1. Field of the Invention
This invention relates to a sample and hold circuit for sampling the instantaneous voltage of an analogue input signal and holding the sampled voltage at the output and more particularly, to a sample and hold circuit employing a metal-oxide semiconductor (MOS) transistor as a sampling switch and a capacitor as a holding means.
2. Description of the Prior Art
In general, a sample and hold circuit (hereinafter referred to as a S/H circuit) is comprised of a sampling switch and a holding capacitor. One end of the switch is connected to an input terminal of the circuit and another end of the switch is connected to an output terminal of the circuit as well as to the capacitor. An analogue signal is applied to the input signal. When the switch is turned on, the capacitor is charged, i.e. sampling is effected. After the sampling, the voltage is held even when the switch is turned off. Thus, the sampled voltage of an analogue signal is converted to a constantly held voltage. This technique is applied in, for example, an A/D converter.

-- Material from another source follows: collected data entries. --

(* Let $D=(E,\mathcal{F})$ be a connected even normal binary delta-matroid with $E\neq\emptyset$. Then ${}^{\partial}w_{D}(z)=mz^{k}$ for some integers $m,k$ (i.e. the twist polynomial has exactly one term) if and only if the intersection graph $G_D$ is a complete graph of odd order.
   Context: A delta-matroid is a set system $(E,\mathcal{F})$, $\mathcal{F}\ne\emptyset$ a family of subsets of finite $E$, satisfying: for all $X,Y\in\mathcal{F}$ and $u\in X\Delta Y$ there is $v\in X\Delta Y$ with $X\Delta\{u,v\}\in\mathcal{F}$. Twist: $D*A=(E,\{A\Delta X:X\in\mathcal{F}\})$. Width $w(D)$ = maximum minus minimum cardinality of feasible sets; twist polynomial ${}^{\partial}w_{D}(z)=\sum_{A\subseteq E}z^{w(D*A)}$. $D$ is normal if $\emptyset\in\mathcal{F}$, and even if $|F\Delta F'|$ is even for all $F,F'\in\mathcal{F}$. The direct sum of delta-matroids on disjoint ground sets is $(E\cup E',\{F\cup F'\})$; $D$ is disconnected if it is a direct sum of two delta-matroids with nonempty ground sets, connected otherwise. For a symmetric matrix $C$ over $GF(2)$ indexed by $E$, $D(C)=(E,\{A\subseteq E: C[A]\text{ nonsingular}\})$ ($C[A]$ principal submatrix, $C[\emptyset]$ nonsingular by convention). $D$ is binary if some twist of it is isomorphic to some $D(C)$. A normal binary $D$ equals $D(C)$ for a unique symmetric $C$; its intersection graph $G_D$ has vertex set $E$, distinct $u,v$ adjacent iff $C_{u,v}=1$, and a loop at $v$ iff $C_{v,v}=1$. For even $D$, $G_D$ is a simple graph, and $D$ is connected iff $G_D$ is connected. *)

theory Defs
  imports "HOL-Library.Z2" "HOL-Combinatorics.Permutations"
          "HOL-Computational_Algebra.Polynomial"
begin

definition symdiff :: "'a set \<Rightarrow> 'a set \<Rightarrow> 'a set" (infixl "\<triangle>" 65) where
  "X \<triangle> Y = (X - Y) \<union> (Y - X)"

definition delta_matroid :: "'a set \<Rightarrow> 'a set set \<Rightarrow> bool" where
  "delta_matroid E F \<longleftrightarrow> finite E \<and> F \<noteq> {} \<and> (\<forall>X\<in>F. X \<subseteq> E) \<and>
     (\<forall>X\<in>F. \<forall>Y\<in>F. \<forall>u\<in>X \<triangle> Y. \<exists>v\<in>X \<triangle> Y. X \<triangle> {u, v} \<in> F)"

definition twist :: "'a set set \<Rightarrow> 'a set \<Rightarrow> 'a set set" where
  "twist F A = (\<lambda>X. A \<triangle> X) ` F"

definition width :: "'a set set \<Rightarrow> nat" where
  "width F = Max (card ` F) - Min (card ` F)"

definition twist_poly :: "'a set \<Rightarrow> 'a set set \<Rightarrow> int poly" where
  "twist_poly E F = (\<Sum>A\<in>Pow E. monom 1 (width (twist F A)))"

definition normal :: "'a set set \<Rightarrow> bool" where
  "normal F \<longleftrightarrow> {} \<in> F"

definition even_dm :: "'a set set \<Rightarrow> bool" where
  "even_dm F \<longleftrightarrow> (\<forall>X\<in>F. \<forall>Y\<in>F. even (card (X \<triangle> Y)))"

definition direct_sum :: "'a set set \<Rightarrow> 'a set set \<Rightarrow> 'a set set" where
  "direct_sum F1 F2 = {X \<union> Y | X Y. X \<in> F1 \<and> Y \<in> F2}"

In such a S/H circuit, it is important that the output voltage does not vary before and after turning off the switch. However, where a Metal Oxide Semiconductor (MOS) transistor is used as the sampling switch, there is a problem in that the output voltage is changed by switching the MOS transistor from an on state to an off state. The MOS transistor is comprised of a gate, a source, a drain, and a bulk silicon under the gate. The drain (or source) is connected to the input terminal of the S/H circuit, the source (or drain) is connected to the output terminal of the S/H circuit and to the holding capacitor, and the gate is used as a switching terminal. The MOS transistor is switched from the on state to the off state or vice versa by changing the control voltage applied to the state. The above-mentioned change of the output voltage is based on the following two causes. The first cause is that the control voltage applied to the gate in the on state is different from the control voltage in the off state, and the parasitic gate-source capacitance partially couples the control voltage change to the output terminal. The second cause is that the channel region formed between the source and the drain during the on state disappears in the off state, and the charge stored in the carriers must be dispersed.
In the prior art, in order to avoid voltage change at the output terminal, a dummy capacitor, which has the same capacity as the parasitic capacitor between the gate and the source of the MOS transistor is used. The dummy capacitor is connected, through an inverter, between the gate and the source outside and the MOS transistor. By this arrangement, the first cause of the above mentioned problem is in theory eliminated, as hereinafter described in detail. However, it is difficult in the manufacturing process to make the dummy capacitor have the same capacitance as the parasitic capacitor between the gate and the source in the MOS transistor. Therefore, in practice, the output voltage usually changes before and after the turning off of the MOS transistor. In addition, in this prior art circuit, the above-mentioned second cause is not taken into account.